Exercise prompt => Every line below that mentions the word "stars" should be copied out.

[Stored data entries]

**********

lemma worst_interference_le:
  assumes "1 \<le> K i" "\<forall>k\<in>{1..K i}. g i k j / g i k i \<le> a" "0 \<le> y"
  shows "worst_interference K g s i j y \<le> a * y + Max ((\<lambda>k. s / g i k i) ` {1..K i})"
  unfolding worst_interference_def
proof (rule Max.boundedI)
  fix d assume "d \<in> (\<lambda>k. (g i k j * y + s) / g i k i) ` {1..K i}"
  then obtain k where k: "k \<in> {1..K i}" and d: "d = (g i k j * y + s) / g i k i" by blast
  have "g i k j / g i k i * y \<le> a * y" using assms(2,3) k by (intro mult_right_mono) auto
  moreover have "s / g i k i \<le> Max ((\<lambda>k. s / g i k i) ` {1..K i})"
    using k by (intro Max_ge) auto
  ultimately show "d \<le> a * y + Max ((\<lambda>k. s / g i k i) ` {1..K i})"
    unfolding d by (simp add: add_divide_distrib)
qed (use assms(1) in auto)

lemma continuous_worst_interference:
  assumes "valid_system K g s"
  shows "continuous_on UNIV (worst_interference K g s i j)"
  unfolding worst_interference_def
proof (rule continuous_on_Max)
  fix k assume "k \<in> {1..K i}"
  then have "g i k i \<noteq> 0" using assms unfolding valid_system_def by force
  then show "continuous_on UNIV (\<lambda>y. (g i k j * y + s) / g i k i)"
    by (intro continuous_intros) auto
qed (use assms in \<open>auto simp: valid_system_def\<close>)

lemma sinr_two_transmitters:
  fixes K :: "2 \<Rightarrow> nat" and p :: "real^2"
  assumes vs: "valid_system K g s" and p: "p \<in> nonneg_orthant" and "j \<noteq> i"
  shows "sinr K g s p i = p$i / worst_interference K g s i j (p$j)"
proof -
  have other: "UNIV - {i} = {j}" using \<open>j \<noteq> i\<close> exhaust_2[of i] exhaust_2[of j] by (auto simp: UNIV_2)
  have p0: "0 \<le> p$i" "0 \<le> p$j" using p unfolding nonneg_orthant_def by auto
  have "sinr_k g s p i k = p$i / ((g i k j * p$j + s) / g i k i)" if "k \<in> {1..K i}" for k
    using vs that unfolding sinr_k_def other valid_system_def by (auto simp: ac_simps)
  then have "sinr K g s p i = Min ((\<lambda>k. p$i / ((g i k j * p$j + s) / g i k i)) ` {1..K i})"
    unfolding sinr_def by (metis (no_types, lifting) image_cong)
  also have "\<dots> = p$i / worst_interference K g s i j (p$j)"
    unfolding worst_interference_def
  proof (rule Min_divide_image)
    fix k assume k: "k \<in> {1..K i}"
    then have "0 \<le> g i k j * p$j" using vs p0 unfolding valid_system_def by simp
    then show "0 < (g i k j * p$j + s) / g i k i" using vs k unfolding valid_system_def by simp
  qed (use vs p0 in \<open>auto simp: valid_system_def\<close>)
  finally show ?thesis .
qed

**********

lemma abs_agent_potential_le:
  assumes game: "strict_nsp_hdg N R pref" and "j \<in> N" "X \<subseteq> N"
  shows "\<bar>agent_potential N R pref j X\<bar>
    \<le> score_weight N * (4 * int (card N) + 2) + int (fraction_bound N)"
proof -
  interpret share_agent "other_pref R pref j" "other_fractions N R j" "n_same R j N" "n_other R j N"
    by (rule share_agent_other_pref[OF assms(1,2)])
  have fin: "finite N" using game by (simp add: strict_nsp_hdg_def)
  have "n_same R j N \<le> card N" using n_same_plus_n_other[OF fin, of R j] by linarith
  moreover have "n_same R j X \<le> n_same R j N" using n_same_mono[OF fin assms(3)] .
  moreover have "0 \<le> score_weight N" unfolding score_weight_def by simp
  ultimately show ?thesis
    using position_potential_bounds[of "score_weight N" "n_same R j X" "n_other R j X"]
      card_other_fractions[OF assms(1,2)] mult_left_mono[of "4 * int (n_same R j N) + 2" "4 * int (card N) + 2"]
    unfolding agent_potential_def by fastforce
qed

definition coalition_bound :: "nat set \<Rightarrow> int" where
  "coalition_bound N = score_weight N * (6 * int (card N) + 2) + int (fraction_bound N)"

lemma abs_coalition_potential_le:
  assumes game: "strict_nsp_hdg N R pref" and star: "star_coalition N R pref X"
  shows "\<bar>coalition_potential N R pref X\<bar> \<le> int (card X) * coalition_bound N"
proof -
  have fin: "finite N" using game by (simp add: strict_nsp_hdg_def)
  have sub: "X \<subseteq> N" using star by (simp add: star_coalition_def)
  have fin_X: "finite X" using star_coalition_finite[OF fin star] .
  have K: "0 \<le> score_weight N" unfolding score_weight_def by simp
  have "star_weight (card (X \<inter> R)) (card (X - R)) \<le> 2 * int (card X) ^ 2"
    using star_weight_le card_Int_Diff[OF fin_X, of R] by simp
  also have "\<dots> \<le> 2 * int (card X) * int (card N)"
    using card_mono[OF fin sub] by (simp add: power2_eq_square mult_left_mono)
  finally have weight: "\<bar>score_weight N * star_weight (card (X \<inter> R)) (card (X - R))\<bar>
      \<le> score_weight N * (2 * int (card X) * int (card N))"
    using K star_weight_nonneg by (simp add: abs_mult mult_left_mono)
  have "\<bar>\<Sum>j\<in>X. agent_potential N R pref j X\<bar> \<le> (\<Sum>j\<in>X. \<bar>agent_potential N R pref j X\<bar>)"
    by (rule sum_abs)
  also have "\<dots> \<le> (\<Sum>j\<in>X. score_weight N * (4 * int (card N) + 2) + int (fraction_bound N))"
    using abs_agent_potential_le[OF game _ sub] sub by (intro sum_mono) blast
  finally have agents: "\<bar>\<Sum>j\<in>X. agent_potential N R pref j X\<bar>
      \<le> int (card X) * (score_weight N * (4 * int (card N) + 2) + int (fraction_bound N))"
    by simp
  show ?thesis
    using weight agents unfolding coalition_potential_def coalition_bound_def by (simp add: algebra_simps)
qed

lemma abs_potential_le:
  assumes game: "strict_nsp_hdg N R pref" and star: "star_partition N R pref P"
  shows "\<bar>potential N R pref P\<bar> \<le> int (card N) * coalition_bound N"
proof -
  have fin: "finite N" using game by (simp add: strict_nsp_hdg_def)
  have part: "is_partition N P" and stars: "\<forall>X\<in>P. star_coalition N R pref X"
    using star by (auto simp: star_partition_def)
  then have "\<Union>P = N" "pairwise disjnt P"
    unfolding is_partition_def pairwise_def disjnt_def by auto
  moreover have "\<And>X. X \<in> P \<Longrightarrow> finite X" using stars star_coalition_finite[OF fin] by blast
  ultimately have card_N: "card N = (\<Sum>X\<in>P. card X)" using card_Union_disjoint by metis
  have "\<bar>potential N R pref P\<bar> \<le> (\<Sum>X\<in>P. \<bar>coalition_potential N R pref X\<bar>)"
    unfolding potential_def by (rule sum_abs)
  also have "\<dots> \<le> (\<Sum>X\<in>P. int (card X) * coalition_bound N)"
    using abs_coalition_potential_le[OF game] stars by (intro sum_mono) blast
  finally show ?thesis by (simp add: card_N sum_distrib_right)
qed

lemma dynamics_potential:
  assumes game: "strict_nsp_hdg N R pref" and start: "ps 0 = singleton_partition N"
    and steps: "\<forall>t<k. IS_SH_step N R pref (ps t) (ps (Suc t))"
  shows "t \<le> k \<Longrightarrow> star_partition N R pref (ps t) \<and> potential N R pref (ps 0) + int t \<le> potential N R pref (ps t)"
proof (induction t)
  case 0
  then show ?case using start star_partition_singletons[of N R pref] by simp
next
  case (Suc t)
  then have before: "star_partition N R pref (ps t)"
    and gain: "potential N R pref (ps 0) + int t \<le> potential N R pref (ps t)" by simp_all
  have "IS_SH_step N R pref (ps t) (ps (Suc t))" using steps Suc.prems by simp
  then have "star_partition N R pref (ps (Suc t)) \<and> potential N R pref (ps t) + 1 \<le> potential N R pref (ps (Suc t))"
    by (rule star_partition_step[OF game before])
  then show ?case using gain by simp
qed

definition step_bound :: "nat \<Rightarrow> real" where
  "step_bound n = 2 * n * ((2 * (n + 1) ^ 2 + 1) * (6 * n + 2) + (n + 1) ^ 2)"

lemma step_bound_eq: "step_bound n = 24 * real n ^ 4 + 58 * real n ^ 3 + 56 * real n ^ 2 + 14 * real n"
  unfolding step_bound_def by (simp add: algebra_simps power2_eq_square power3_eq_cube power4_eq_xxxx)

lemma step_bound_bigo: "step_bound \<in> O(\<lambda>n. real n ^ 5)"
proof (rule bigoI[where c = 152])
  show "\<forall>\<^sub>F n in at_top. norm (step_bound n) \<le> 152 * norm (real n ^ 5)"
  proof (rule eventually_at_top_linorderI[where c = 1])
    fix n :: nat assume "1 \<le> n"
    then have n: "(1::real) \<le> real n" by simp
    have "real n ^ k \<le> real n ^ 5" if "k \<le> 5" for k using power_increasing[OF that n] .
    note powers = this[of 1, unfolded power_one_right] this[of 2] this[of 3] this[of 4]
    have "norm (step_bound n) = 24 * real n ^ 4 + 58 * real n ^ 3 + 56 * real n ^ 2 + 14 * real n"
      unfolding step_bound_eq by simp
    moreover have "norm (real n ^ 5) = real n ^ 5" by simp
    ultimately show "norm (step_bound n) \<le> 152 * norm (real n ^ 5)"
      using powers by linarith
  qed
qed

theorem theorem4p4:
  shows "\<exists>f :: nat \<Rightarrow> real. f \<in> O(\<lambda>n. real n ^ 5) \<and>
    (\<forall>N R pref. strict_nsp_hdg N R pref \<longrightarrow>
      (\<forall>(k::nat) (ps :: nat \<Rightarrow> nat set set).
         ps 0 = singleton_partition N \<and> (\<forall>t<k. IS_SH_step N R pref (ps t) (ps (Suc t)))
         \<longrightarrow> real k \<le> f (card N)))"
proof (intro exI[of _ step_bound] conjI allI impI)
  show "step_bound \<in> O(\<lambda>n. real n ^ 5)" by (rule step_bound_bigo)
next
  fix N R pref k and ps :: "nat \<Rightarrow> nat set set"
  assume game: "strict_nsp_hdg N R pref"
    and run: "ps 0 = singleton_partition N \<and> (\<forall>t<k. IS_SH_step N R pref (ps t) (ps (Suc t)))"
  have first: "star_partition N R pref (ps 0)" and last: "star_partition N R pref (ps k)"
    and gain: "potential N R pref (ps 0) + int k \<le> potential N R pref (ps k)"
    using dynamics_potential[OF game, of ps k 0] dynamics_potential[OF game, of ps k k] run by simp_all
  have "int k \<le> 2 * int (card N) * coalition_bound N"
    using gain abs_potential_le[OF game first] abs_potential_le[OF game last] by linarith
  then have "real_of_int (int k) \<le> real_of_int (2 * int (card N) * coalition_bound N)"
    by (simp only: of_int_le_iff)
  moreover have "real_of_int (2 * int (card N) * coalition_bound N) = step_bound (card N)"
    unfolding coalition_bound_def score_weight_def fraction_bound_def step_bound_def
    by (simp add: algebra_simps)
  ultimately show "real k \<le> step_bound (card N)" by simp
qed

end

**********

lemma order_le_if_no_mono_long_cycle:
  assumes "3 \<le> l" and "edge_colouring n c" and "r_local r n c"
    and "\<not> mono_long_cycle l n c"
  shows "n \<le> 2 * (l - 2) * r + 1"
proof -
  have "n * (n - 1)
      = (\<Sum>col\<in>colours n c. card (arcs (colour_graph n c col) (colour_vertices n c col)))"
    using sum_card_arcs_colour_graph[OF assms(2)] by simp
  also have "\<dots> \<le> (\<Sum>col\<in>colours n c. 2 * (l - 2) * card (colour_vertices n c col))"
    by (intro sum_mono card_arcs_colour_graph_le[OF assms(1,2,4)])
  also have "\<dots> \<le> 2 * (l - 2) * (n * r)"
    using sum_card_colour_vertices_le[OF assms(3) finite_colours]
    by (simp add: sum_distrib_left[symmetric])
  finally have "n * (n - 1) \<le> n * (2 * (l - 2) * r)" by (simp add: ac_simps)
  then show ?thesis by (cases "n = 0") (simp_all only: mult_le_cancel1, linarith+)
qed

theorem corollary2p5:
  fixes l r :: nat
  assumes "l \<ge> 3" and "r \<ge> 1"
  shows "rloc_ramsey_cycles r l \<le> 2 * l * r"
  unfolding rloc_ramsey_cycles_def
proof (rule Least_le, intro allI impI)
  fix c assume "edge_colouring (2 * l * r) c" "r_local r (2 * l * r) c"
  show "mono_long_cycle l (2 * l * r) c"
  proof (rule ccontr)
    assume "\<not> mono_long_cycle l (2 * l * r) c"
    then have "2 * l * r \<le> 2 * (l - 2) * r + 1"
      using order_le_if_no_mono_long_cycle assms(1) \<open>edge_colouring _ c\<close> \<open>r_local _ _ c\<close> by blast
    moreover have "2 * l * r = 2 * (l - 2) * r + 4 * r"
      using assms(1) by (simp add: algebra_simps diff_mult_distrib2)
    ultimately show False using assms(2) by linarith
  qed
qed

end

**********

Result of this task =>
  have part: "is_partition N P" and stars: "\<forall>X\<in>P. star_coalition N R pref X"
  moreover have "\<And>X. X \<in> P \<Longrightarrow> finite X" using stars star_coalition_finite[OF fin] by blast
    using abs_coalition_potential_le[OF game] stars by (intro sum_mono) blast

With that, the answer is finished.